— PROBLEM —
The word "close": say how many lines of the data below contain it, and give the number alone.

— DATA —
lemma eval_coeff_vanishing_at_0:
  assumes "homogeneous e F" "0 < e"
    and "\<And>m. c m = to_fract (P m)" "\<And>m. poly (P m) 0 = 0"
  obtains R where "eval_coeff F c = to_fract R" "poly R 0 = 0"
proof
  define R where "R = (\<Sum>\<mu>\<in>Poly_Mapping.keys F. [:Poly_Mapping.lookup F \<mu>:] *
     (\<Prod>m\<in>Poly_Mapping.keys \<mu>. P m ^ Poly_Mapping.lookup \<mu> m))"
  show "eval_coeff F c = to_fract R"
    by (simp only: R_def eval_coeff_def assms(3) to_fract_sum to_fract_mult to_fract_prod
        to_fract_power emb_eq_to_fract)
  have "(\<Prod>m\<in>Poly_Mapping.keys \<mu>. poly (P m) 0 ^ Poly_Mapping.lookup \<mu> m) = 0"
    if "\<mu> \<in> Poly_Mapping.keys F" for \<mu>
  proof -
    have "mdeg \<mu> = e"
      using assms(1) that by (simp add: homogeneous_def)
    with \<open>0 < e\<close> have "Poly_Mapping.keys \<mu> \<noteq> {}"
      by (auto simp: mdeg_def)
    then obtain m where m: "m \<in> Poly_Mapping.keys \<mu>"
      by blast
    then have "poly (P m) 0 ^ Poly_Mapping.lookup \<mu> m = 0"
      using assms(4) by (simp add: in_keys_iff zero_power)
    with m show ?thesis
      by (intro prod_zero) auto
  qed
  then show "poly R 0 = 0"
    unfolding R_def poly_sum poly_mult poly_prod poly_power by (intro sum.neutral) simp
qed

section \<open>Weights of monomials\<close>

definition weight :: "('n::finite \<Rightarrow> int) \<Rightarrow> ('n \<Rightarrow>\<^sub>0 nat) \<Rightarrow> int" where
  "weight w m = (\<Sum>j\<in>UNIV. w j * int (Poly_Mapping.lookup m j))"

lemma weight_add: "weight w (a + b) = weight w a + weight w b"
  by (simp add: weight_def lookup_add sum.distrib distrib_left)

lemma weight_single: "weight w (Poly_Mapping.single j 1) = w j"
proof -
  have "(\<Sum>i\<in>UNIV. w i * int (Poly_Mapping.lookup (Poly_Mapping.single j 1) i)) =
      (\<Sum>i\<in>UNIV. if i = j then w j else 0)"
    by (rule sum.cong) (auto simp: lookup_single when_def)
  then show ?thesis
    by (simp add: weight_def)
qed

lemma weight_minus_single:
  assumes "Poly_Mapping.lookup m j \<noteq> 0"
  shows "weight w (m - Poly_Mapping.single j 1) = weight w m - w j"
proof -
  have "m = (m - Poly_Mapping.single j 1) + Poly_Mapping.single j 1"
    using assms by (intro poly_mapping_eqI) (auto simp: lookup_add lookup_minus lookup_single when_def)
  then have "weight w m = weight w (m - Poly_Mapping.single j 1) + w j"
    by (metis weight_add weight_single)
  then show ?thesis
    by simp
qed

lemma weight_eq_sum_keys: "weight w m = (\<Sum>j\<in>Poly_Mapping.keys m. w j * int (Poly_Mapping.lookup m j))"
  unfolding weight_def by (rule sum.mono_neutral_right) (auto simp: in_keys_iff)

lemma weight_eq_mult_mdeg:
  assumes "Poly_Mapping.keys m \<subseteq> S" "\<And>j. j \<in> S \<Longrightarrow> w j = b"
  shows "weight w m = b * int (mdeg m)"
proof -
  have "weight w m = (\<Sum>j\<in>Poly_Mapping.keys m. b * int (Poly_Mapping.lookup m j))"
    unfolding weight_eq_sum_keys using assms by (intro sum.cong) auto
  then show ?thesis
    by (simp add: mdeg_def sum_distrib_left)
qed

lemma mdeg_le_weight:
  assumes "Poly_Mapping.keys m \<subseteq> S" "\<And>j. j \<in> S \<Longrightarrow> 1 \<le> w j"
  shows "int (mdeg m) \<le> weight w m"
proof -
  have "(\<Sum>j\<in>Poly_Mapping.keys m. int (Poly_Mapping.lookup m j)) \<le>
      (\<Sum>j\<in>Poly_Mapping.keys m. w j * int (Poly_Mapping.lookup m j))"
    using assms by (intro sum_mono) (auto simp: mult_le_cancel_right1)
  then show ?thesis
    by (simp add: weight_eq_sum_keys mdeg_def)
qed

lemma prod_power_int:
  assumes "(t :: 'a::field) \<noteq> 0"
  shows "(\<Prod>x\<in>A. t powi f x) = t powi (\<Sum>x\<in>A. f x)"
  by (induction A rule: infinite_finite_induct) (auto simp: power_int_add assms)

definition monomial_value :: "('n::finite \<Rightarrow> 'b::comm_ring_1) \<Rightarrow> ('n \<Rightarrow>\<^sub>0 nat) \<Rightarrow> 'b" where
  "monomial_value c m = (\<Prod>j\<in>UNIV. c j ^ Poly_Mapping.lookup m j)"

lemma monomial_value_add: "monomial_value c (m + m') = monomial_value c m * monomial_value c m'"
  by (simp add: monomial_value_def lookup_add power_add prod.distrib)

lemma monomial_value_0 [simp]: "monomial_value c 0 = 1"
  by (simp add: monomial_value_def)

lemma monomial_value_single: "monomial_value c (Poly_Mapping.single j 1) = c j"
proof -
  have "(\<Prod>i\<in>UNIV. c i ^ Poly_Mapping.lookup (Poly_Mapping.single j 1) i) =
      (\<Prod>i\<in>UNIV. if i = j then c j else 1)"
    by (rule prod.cong) (auto simp: lookup_single when_def)
  then show ?thesis
    by (simp add: monomial_value_def)
qed

lemma monomial_value_one_parameter:
  assumes "t \<noteq> 0"
  shows "monomial_value (\<lambda>j. emb (\<kappa> j) * t powi w j) m = emb (monomial_value \<kappa> m) * t powi weight w m"
proof -
  have "monomial_value (\<lambda>j. emb (\<kappa> j) * t powi w j) m =
      (\<Prod>j\<in>UNIV. emb (\<kappa> j ^ Poly_Mapping.lookup m j) * t powi (w j * int (Poly_Mapping.lookup m j)))"
    unfolding monomial_value_def
    by (intro prod.cong) (auto simp: power_mult_distrib emb_power power_int_power')
  also have "\<dots> = emb (monomial_value \<kappa> m) * t powi weight w m"
    by (simp add: prod.distrib emb_prod prod_power_int[OF assms] weight_def monomial_value_def)
  finally show ?thesis .
qed

text \<open>Base change to k(t) followed by the substitution x_j \<mapsto> c_j x_j.\<close>

definition scale_vars :: "('n::finite \<Rightarrow> 'k::field ratfun) \<Rightarrow> ('n, 'k) mpoly \<Rightarrow> ('n, 'k ratfun) mpoly" where
  "scale_vars c p = Poly_Mapping.mapp (\<lambda>m a. emb a * monomial_value c m) p"

lemma lookup_scale_vars:
  "Poly_Mapping.lookup (scale_vars c p) m = emb (Poly_Mapping.lookup p m) * monomial_value c m"
  by (auto simp: scale_vars_def lookup_mapp when_def in_keys_iff)

lemma scale_vars_add: "scale_vars c (p + q) = scale_vars c p + scale_vars c q"
  by (rule poly_mapping_eqI) (simp add: lookup_scale_vars lookup_add emb_add distrib_right)

lemma scale_vars_single:
  "scale_vars c (Poly_Mapping.single m a) = Poly_Mapping.single m (emb a * monomial_value c m)"
  by (rule poly_mapping_eqI) (simp add: lookup_scale_vars lookup_single when_def)

lemma scale_vars_0 [simp]: "scale_vars c 0 = 0"
  by (rule poly_mapping_eqI) (simp add: lookup_scale_vars)

lemma scale_vars_sum: "scale_vars c (sum f A) = (\<Sum>x\<in>A. scale_vars c (f x))"
  by (induction A rule: infinite_finite_induct) (auto simp: scale_vars_add)

lemma sum_single_lookup: "(\<Sum>m\<in>Poly_Mapping.keys p. Poly_Mapping.single m (Poly_Mapping.lookup p m)) = p"
  by (rule poly_mapping_eqI) (simp add: lookup_sum lookup_single when_def in_keys_iff)

lemma scale_vars_eq_sum:
  "scale_vars c p = (\<Sum>m\<in>Poly_Mapping.keys p. Poly_Mapping.single m (emb (Poly_Mapping.lookup p m) * monomial_value c m))"
  by (subst (1) sum_single_lookup[of p, symmetric]) (simp only: scale_vars_sum scale_vars_single)

lemma scale_vars_mult: "scale_vars c (p * q) = scale_vars c p * scale_vars c q"
proof -
  have "p * q = (\<Sum>m\<in>Poly_Mapping.keys p. \<Sum>m'\<in>Poly_Mapping.keys q.
       Poly_Mapping.single (m + m') (Poly_Mapping.lookup p m * Poly_Mapping.lookup q m'))"
    by (subst (1 2) sum_single_lookup[symmetric]) (simp only: sum_product mult_single)
  then have "scale_vars c (p * q) = (\<Sum>m\<in>Poly_Mapping.keys p. \<Sum>m'\<in>Poly_Mapping.keys q.
       Poly_Mapping.single (m + m') (emb (Poly_Mapping.lookup p m * Poly_Mapping.lookup q m') * monomial_value c (m + m')))"
    by (simp only: scale_vars_sum scale_vars_single)
  moreover have "scale_vars c p * scale_vars c q = (\<Sum>m\<in>Poly_Mapping.keys p. \<Sum>m'\<in>Poly_Mapping.keys q.
       Poly_Mapping.single (m + m') ((emb (Poly_Mapping.lookup p m) * monomial_value c m) *
         (emb (Poly_Mapping.lookup q m') * monomial_value c m')))"
    by (simp only: scale_vars_eq_sum[of c p] scale_vars_eq_sum[of c q] sum_product mult_single)
  ultimately show ?thesis
    by (simp add: monomial_value_add emb_mult mult_ac)
qed

lemma scale_vars_1 [simp]: "scale_vars c 1 = 1"
  using scale_vars_single[of c 0 1] by (simp add: single_one)

lemma scale_vars_prod: "scale_vars c (prod f A) = (\<Prod>x\<in>A. scale_vars c (f x))"
  by (induction A rule: infinite_finite_induct) (auto simp: scale_vars_mult)

lemma scale_vars_power: "scale_vars c (p ^ n) = scale_vars c p ^ n"
  by (induction n) (auto simp: scale_vars_mult)

lemma scale_vars_mconst: "scale_vars c (mconst a) = mconst (emb a)"
  by (simp add: mconst_def scale_vars_single)

lemma mconst_mult: "mconst a * mconst b = mconst (a * b)"
  by (simp add: mconst_def mult_single)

— OUTPUT OF THE TASK —
3